Beyond the key facts being misrepresented, there is another dimension to the recent assault on this bill that is hard to overlook. Many of the artists who stand to benefit from CLASSICS happen to be people of color because the period between the 50s and the 70s is the same era when artists of color gained wider mainstream acceptance in the market. (Hell, if this were just the Ray Charles Act alone, it would be worth considering.)
When I think about the indispensable music created by artists like Smokey Robinson, The Supremes, Otis Redding, Marvin Gaye et al, and then contrast all those beautiful sounds against the whinging noise of Doctorow and his pals at EFF and Public Knowledge, the duplicity of these privileged, ivory-tower “activists” takes on a whole new shade of offensiveness. It is truly fascinating to see Doctorow and his friends insist that the quirky history of sound recording copyrights must continue to disenfranchise this particular group of artists from a share in the revenue generated by certain corporations broadcasting their music.
That’s some bizarre logic coming from the same people who love to repeat the refrain that music copyright is irrelevant because the labels “always screw artists anyway.” Not only is this talking point an oversimplified cliché, but in this context, it’s tantamount to calling the individual artists who have endorsed CLASSICS a bunch of liars about their own careers. Moreover, the critics who portray this bill as just another “gift to labels” fail to mention that the royalty split under the §114 statutory license is 50% to the recording owner, 45% to featured artists, and 2.5% each to non-featured vocalists and non-featured musicians.
I don’t like to insert race where it doesn’t belong, but in this case, the optics are little too blatant to ignore. There are plenty of opportunities for opinion, debate, and theory on the subject of copyright law, but here’s the meat-and-potatoes of the fairly uncomplicated CLASSICS Act as Robinson put it:
“Now, I fully recognize I have been blessed and I’ve been lucky. But for many legacy musicians and their families, this issue is far more urgent. I’m 78 years young, but many artists I came up with are unable to tour or make appearances or record new material to earn a living. They should be able to rely on income from the recordings used by digital radio companies to attract listeners and earn profits. For so many, especially at this point in their careers, this is how they make ends meet. It’s how they pay their mortgage and their medical bills. It’s how they feed their families.”

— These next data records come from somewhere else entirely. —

lemma integral_le_nn_integral_bound:
  fixes g h :: "'a \<Rightarrow> real"
  assumes "\<And>x. 0 \<le> g x" and "AE x in M. g x \<le> h x"
    and "(\<integral>\<^sup>+x. ennreal (h x) \<partial>M) = ennreal r" and "0 \<le> r"
  shows "integral\<^sup>L M g \<le> r"
proof (cases "integrable M g")
  case True
  then have "integral\<^sup>L M g = enn2real (\<integral>\<^sup>+x. ennreal (g x) \<partial>M)"
    using assms(1) by (intro integral_eq_nn_integral) auto
  also have "\<dots> \<le> enn2real (\<integral>\<^sup>+x. ennreal (h x) \<partial>M)"
    using assms(2,3) by (intro enn2real_mono nn_integral_mono_AE) (auto elim!: eventually_mono intro: ennreal_leI)
  finally show ?thesis using assms(3,4) by simp
next
  case False
  then show ?thesis using assms(4) by (simp add: not_integrable_integral_eq)
qed

lemma gen_I_nonneg: "0 \<le> gen_I \<mu> q \<epsilon>"
  unfolding gen_I_def set_lebesgue_integral_def
  by (rule Bochner_Integration.integral_nonneg) (simp add: indicator_def)

lemma AE_ball_powr_le_cell_powr:
  fixes \<mu> :: "real measure"
  assumes "finite_measure \<mu>" and sets: "sets \<mu> = sets borel" and \<epsilon>: "0 < \<epsilon>" and q: "q \<le> 1"
    and K: "finite K" and AE_K: "AE x in \<mu>. \<lfloor>x / \<epsilon>\<rfloor> \<in> K"
  shows "AE x in \<mu>. indicator {x. 0 < measure \<mu> {x - \<epsilon> <..< x + \<epsilon>}} x
      *\<^sub>R measure \<mu> {x - \<epsilon> <..< x + \<epsilon>} powr (q - 1)
    \<le> (\<Sum>k\<in>K. measure \<mu> (cell \<epsilon> k) powr (q - 1) * indicator (cell \<epsilon> k) x)"
proof -
  interpret finite_measure \<mu> by fact
  define m where "m k = measure \<mu> (cell \<epsilon> k)" for k
  define f where "f x = measure \<mu> {x - \<epsilon> <..< x + \<epsilon>}" for x
  \<comment> \<open>a.e. \<open>x\<close> lies in a cell of positive measure, and that cell is inside \<open>B(x,\<epsilon>)\<close>\<close>
  have "AE x in \<mu>. \<forall>k\<in>K. m k = 0 \<longrightarrow> x \<notin> cell \<epsilon> k"
  proof (rule AE_finite_allI[OF K])
    fix k
    show "AE x in \<mu>. m k = 0 \<longrightarrow> x \<notin> cell \<epsilon> k"
    proof (cases "m k = 0")
      case True
      then have "cell \<epsilon> k \<in> null_sets \<mu>"
        using sets by (simp add: m_def emeasure_eq_measure null_sets_def)
      from AE_not_in[OF this] show ?thesis by (rule eventually_mono) simp
    qed simp
  qed
  then have "AE x in \<mu>. indicator {x. f x > 0} x *\<^sub>R f x powr (q - 1)
      \<le> (\<Sum>k\<in>K. m k powr (q - 1) * indicator (cell \<epsilon> k) x)"
    using AE_K
  proof eventually_elim
    case (elim x)
    define k where "k = \<lfloor>x / \<epsilon>\<rfloor>"
    have x: "x \<in> cell \<epsilon> k" and "k \<in> K" using elim \<epsilon> by (simp_all add: k_def mem_cell_iff)
    then have "m k > 0" using elim by (auto simp: m_def order_less_le)
    moreover have "m k \<le> f x"
      unfolding m_def f_def using cell_subset_ball[OF x] sets by (intro finite_measure_mono) auto
    ultimately have "indicator {x. f x > 0} x *\<^sub>R f x powr (q - 1) \<le> m k powr (q - 1)"
      using q by (simp add: powr_mono2')
    moreover have "{k' \<in> K. x \<in> cell \<epsilon> k'} = {k}"
      using \<open>k \<in> K\<close> \<epsilon> by (auto simp: mem_cell_iff k_def)
    then have "(\<Sum>k\<in>K. m k powr (q - 1) * indicator (cell \<epsilon> k) x) = m k powr (q - 1)"
      using sum.inter_filter[OF K, of "\<lambda>k. m k powr (q - 1)" "\<lambda>k. x \<in> cell \<epsilon> k"]
      by (simp add: indicator_def of_bool_def if_distrib cong: if_cong)
    ultimately show ?case by simp
  qed
  then show ?thesis by (simp add: m_def f_def)
qed

lemma gen_I_le_sum_cell_powr:
  fixes \<mu> :: "real measure"
  assumes "finite_measure \<mu>" and sets: "sets \<mu> = sets borel" and \<epsilon>: "0 < \<epsilon>" and q: "q \<le> 1"
    and K: "finite K" and AE_K: "AE x in \<mu>. \<lfloor>x / \<epsilon>\<rfloor> \<in> K"
  shows "gen_I \<mu> q \<epsilon> \<le> (\<Sum>k\<in>K. measure \<mu> (cell \<epsilon> k) powr q)"
proof -
  interpret finite_measure \<mu> by fact
  define m where "m k = measure \<mu> (cell \<epsilon> k)" for k
  define f where "f x = measure \<mu> {x - \<epsilon> <..< x + \<epsilon>}" for x
  define g where "g x = indicator {x. f x > 0} x *\<^sub>R f x powr (q - 1)" for x
  define h where "h x = (\<Sum>k\<in>K. m k powr (q - 1) * indicator (cell \<epsilon> k) x)" for x
  have g_le_h: "AE x in \<mu>. g x \<le> h x"
    using AE_ball_powr_le_cell_powr[OF assms] by (simp add: g_def h_def f_def m_def)
  have "(\<integral>\<^sup>+x. ennreal (h x) \<partial>\<mu>)
      = (\<integral>\<^sup>+x. (\<Sum>k\<in>K. ennreal (m k powr (q - 1)) * indicator (cell \<epsilon> k) x) \<partial>\<mu>)"
    unfolding h_def
    by (intro nn_integral_cong) (simp add: sum_ennreal[symmetric] ennreal_mult' ennreal_indicator)
  also have "\<dots> = (\<Sum>k\<in>K. ennreal (m k powr (q - 1)) * emeasure \<mu> (cell \<epsilon> k))"
    using sets by (simp add: nn_integral_sum nn_integral_cmult_indicator)
  also have "\<dots> = (\<Sum>k\<in>K. ennreal (m k powr (q - 1) * m k))"
    by (simp add: emeasure_eq_measure m_def ennreal_mult')
  also have "\<dots> = ennreal (\<Sum>k\<in>K. m k powr q)"
    by (simp add: sum_ennreal m_def powr_mult_base[of _ "q - 1"] mult.commute)
  finally have h_integral: "(\<integral>\<^sup>+x. ennreal (h x) \<partial>\<mu>) = ennreal (\<Sum>k\<in>K. m k powr q)" .
  have "0 \<le> g x" for x by (simp add: g_def)
  then have "integral\<^sup>L \<mu> g \<le> (\<Sum>k\<in>K. m k powr q)"
    using g_le_h h_integral by (rule integral_le_nn_integral_bound) (simp add: sum_nonneg)
  moreover have "gen_I \<mu> q \<epsilon> = integral\<^sup>L \<mu> g"
    unfolding gen_I_def set_lebesgue_integral_def g_def[abs_def] f_def by simp
  ultimately show ?thesis by (simp add: m_def)
qed

lemma gen_I_le_card_powr:
  fixes \<mu> :: "real measure"
  assumes "finite_measure \<mu>" and sets: "sets \<mu> = sets borel" and \<epsilon>: "0 < \<epsilon>"
    and q: "0 < q" "q < 1" and K: "finite K" and AE_K: "AE x in \<mu>. \<lfloor>x / \<epsilon>\<rfloor> \<in> K"
  shows "gen_I \<mu> q \<epsilon> \<le> real (card K) powr (1 - q) * measure \<mu> UNIV powr q"
proof -
  interpret finite_measure \<mu> by fact
  have "disjoint_family_on (cell \<epsilon>) K"
    using \<epsilon> unfolding disjoint_family_on_def by (auto simp: mem_cell_iff)
  moreover have "cell \<epsilon> ` K \<subseteq> sets \<mu>"
    using sets by (simp add: image_subset_iff)
  ultimately have "(\<Sum>k\<in>K. measure \<mu> (cell \<epsilon> k)) = measure \<mu> (\<Union>k\<in>K. cell \<epsilon> k)"
    using finite_measure_finite_Union[OF K] by simp
  also have "\<dots> \<le> measure \<mu> UNIV"
    using bounded_measure[of "\<Union>k\<in>K. cell \<epsilon> k"] sets_eq_imp_space_eq[OF sets] by simp
  finally have cells_le: "(\<Sum>k\<in>K. measure \<mu> (cell \<epsilon> k)) \<le> measure \<mu> UNIV" .
  have "gen_I \<mu> q \<epsilon> \<le> (\<Sum>k\<in>K. measure \<mu> (cell \<epsilon> k) powr q)"
    using q by (intro gen_I_le_sum_cell_powr[OF assms(1-3) _ K AE_K]) simp
  also have "\<dots> \<le> real (card K) powr (1 - q) * (\<Sum>k\<in>K. measure \<mu> (cell \<epsilon> k)) powr q"
    using K q by (intro sum_powr_le_card_powr_sum) simp_all
  also have "\<dots> \<le> real (card K) powr (1 - q) * measure \<mu> UNIV powr q"
    using cells_le q by (intro mult_left_mono powr_mono2) (simp_all add: sum_nonneg)
  finally show ?thesis .
qed

lemma floor_divide_image_subset:
  fixes S :: "real set"
  assumes "0 < \<epsilon>" and S: "S \<subseteq> {-c..<0}"
  shows "(\<lambda>x. \<lfloor>x / \<epsilon>\<rfloor>) ` S \<subseteq> {\<lfloor>-c / \<epsilon>\<rfloor>..-1}"
proof
  fix k assume "k \<in> (\<lambda>x. \<lfloor>x / \<epsilon>\<rfloor>) ` S"
  then obtain x where "x \<in> S" and k: "k = \<lfloor>x / \<epsilon>\<rfloor>" by blast
  then have "-c \<le> x" and "x < 0" using S by auto
  then have "-c / \<epsilon> \<le> x / \<epsilon>" and "x / \<epsilon> < 0"
    using \<open>0 < \<epsilon>\<close> divide_right_mono[of "-c" x \<epsilon>] by (simp_all add: divide_neg_pos)
  then have "\<lfloor>-c / \<epsilon>\<rfloor> \<le> k" and "k < 0"
    unfolding k by (simp_all add: floor_mono floor_less_iff)
  then show "k \<in> {\<lfloor>-c / \<epsilon>\<rfloor>..-1}" by simp
qed
lemma strongly_hyperbolic_fit_hyperbola_sorted:
  assumes sh1: "strongly_hyperbolic f1" and sh2: "strongly_hyperbolic f2"
    and "x1 < x2" "x2 < x3" "a > 0"
    and hyp: "(x1 - b) * (y1 - c) = a" "(x2 - b) * (y2 - c) = a" "(x3 - b) * (y3 - c) = a"
  shows "\<exists>a0 b0 c0. a0 > 0 \<and>
           {(Fin x1, Fin y1), (Fin x2, Fin y2), (Fin x3, Fin y3)} \<subseteq> fabc_closure f1 f2 a0 b0 c0"
proof -
  have "a \<noteq> 0"
    using \<open>a > 0\<close> by simp
  note solve = hyperbola_solve_y[OF _ this]
  consider "b < x2" | "x2 < b"
    using solve(1)[OF hyp(2)] by linarith
  then show ?thesis
  proof cases
    case 1
    show ?thesis
      using strongly_hyperbolic_fit_hyperbola_right_pair[OF sh1 sh2 \<open>x1 < x2\<close> \<open>x2 < x3\<close> 1
          solve(1)[OF hyp(1)] \<open>a > 0\<close> solve(2)[OF hyp(1)] solve(2)[OF hyp(2)] solve(2)[OF hyp(3)]] .
  next
    case 2
    have hyp': "(- x1 - - b) * (- y1 - - c) = a" "(- x2 - - b) * (- y2 - - c) = a"
        "(- x3 - - b) * (- y3 - - c) = a"
      using hyp by (simp_all add: algebra_simps)
    have "- x3 < - x2" "- x2 < - x1" "- b < - x2"
      using assms 2 by simp_all
    from strongly_hyperbolic_fit_hyperbola_right_pair[OF sh2 sh1 this
          solve(1)[OF hyp'(3)] \<open>a > 0\<close>
          solve(2)[OF hyp'(3)] solve(2)[OF hyp'(2)] solve(2)[OF hyp'(1)]]
    obtain a0 b0 c0 where "a0 > 0"
        "{(Fin (- x3), Fin (- y3)), (Fin (- x2), Fin (- y2)), (Fin (- x1), Fin (- y1))}
           \<subseteq> fabc_closure f2 f1 a0 b0 c0"
      by blast
    then have "{(Fin x1, Fin y1), (Fin x2, Fin y2), (Fin x3, Fin y3)}
        \<subseteq> fabc_closure f1 f2 a0 (- b0) (- c0)"
      using fabc_closure_reflect[of _ _ f2 f1 a0 "- b0" "- c0"] by simp
    with \<open>a0 > 0\<close> show ?thesis
      by blast
  qed
qed

lemma strongly_hyperbolic_fit_hyperbola:
  assumes sh1: "strongly_hyperbolic f1" and sh2: "strongly_hyperbolic f2"
    and "distinct [(x1, y1), (x2, y2), (x3, y3)]" "a > 0"
    and hyp: "(x1 - b) * (y1 - c) = a" "(x2 - b) * (y2 - c) = a" "(x3 - b) * (y3 - c) = a"
  shows "\<exists>a0 b0 c0. a0 > 0 \<and>
           {(Fin x1, Fin y1), (Fin x2, Fin y2), (Fin x3, Fin y3)} \<subseteq> fabc_closure f1 f2 a0 b0 c0"
proof -
  note fit = strongly_hyperbolic_fit_hyperbola_sorted[OF sh1 sh2 _ _ \<open>a > 0\<close>]
  have "y1 = c + a / (x1 - b)" "y2 = c + a / (x2 - b)" "y3 = c + a / (x3 - b)"
    using hyp[THEN hyperbola_solve_y(2)] \<open>a > 0\<close> by simp_all
  with assms(3) have "x1 \<noteq> x2" "x1 \<noteq> x3" "x2 \<noteq> x3"
    by auto
  then consider "x1 < x2" "x2 < x3" | "x1 < x3" "x3 < x2" | "x2 < x1" "x1 < x3"
    | "x2 < x3" "x3 < x1" | "x3 < x1" "x1 < x2" | "x3 < x2" "x2 < x1"
    by linarith
  then show ?thesis
  proof cases
    case 1 show ?thesis using fit[OF 1 hyp(1,2,3)] by (simp add: insert_commute)
  next
    case 2 show ?thesis using fit[OF 2 hyp(1,3,2)] by (simp add: insert_commute)
  next
    case 3 show ?thesis using fit[OF 3 hyp(2,1,3)] by (simp add: insert_commute)
  next
    case 4 show ?thesis using fit[OF 4 hyp(2,3,1)] by (simp add: insert_commute)
  next
    case 5 show ?thesis using fit[OF 5 hyp(3,1,2)] by (simp add: insert_commute)
  next
    case 6 show ?thesis using fit[OF 6 hyp(3,2,1)] by (simp add: insert_commute)
  qed
qed

theorem lemma4p7:
  fixes f1 f2 :: "real \<Rightarrow> real" and x1 y1 x2 y2 x3 y3 :: real
  assumes "strongly_hyperbolic f1" and "strongly_hyperbolic f2"
    and "distinct [(x1, y1), (x2, y2), (x3, y3)]"
    and "admissible_position (Fin x1, Fin y1) (Fin x2, Fin y2) (Fin x3, Fin y3)"
  shows "(\<exists>a0 b0 c0. a0 > 0 \<and>
            {(Fin x1, Fin y1), (Fin x2, Fin y2), (Fin x3, Fin y3)} \<subseteq> fabc_closure f1 f2 a0 b0 c0)
       \<or> (\<exists>s0 t0. s0 < 0 \<and>
            {(Fin x1, Fin y1), (Fin x2, Fin y2), (Fin x3, Fin y3)} \<subseteq> line_closure s0 t0)"
proof (cases "\<exists>s t. s < 0 \<and>
    {(Fin x1, Fin y1), (Fin x2, Fin y2), (Fin x3, Fin y3)} \<subseteq> line_closure s t")
  case False
  then obtain a b c where "a > 0"
      and "{(Fin x1, Fin y1), (Fin x2, Fin y2), (Fin x3, Fin y3)} \<subseteq> hyperbola_closure a b c"
    using assms(4) unfolding admissible_position_def by blast
  then have "(x1 - b) * (y1 - c) = a" "(x2 - b) * (y2 - c) = a" "(x3 - b) * (y3 - c) = a"
    by (simp_all add: hyperbola_closure_Fin_iff)
  with assms(1-3) \<open>a > 0\<close> show ?thesis
    using strongly_hyperbolic_fit_hyperbola by blast
qed simp

end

Are Doctorow and his entitled entourage really comfortable saying Robinson is just wrong? And then further twist this improbable narrative by introducing Orrin Hatch as the legislative knife in Smokey’s hand? I think Cory and Friends should find something else to boing-boing about, and anyone with a basic sense of fairness should “second that emotion.”
The reality. This isn’t about the public paying for anything, but rather enabling the music streaming industry to rob songwriters and musicians one more time. Sorry Smokey, we can’t pay you because we want the money.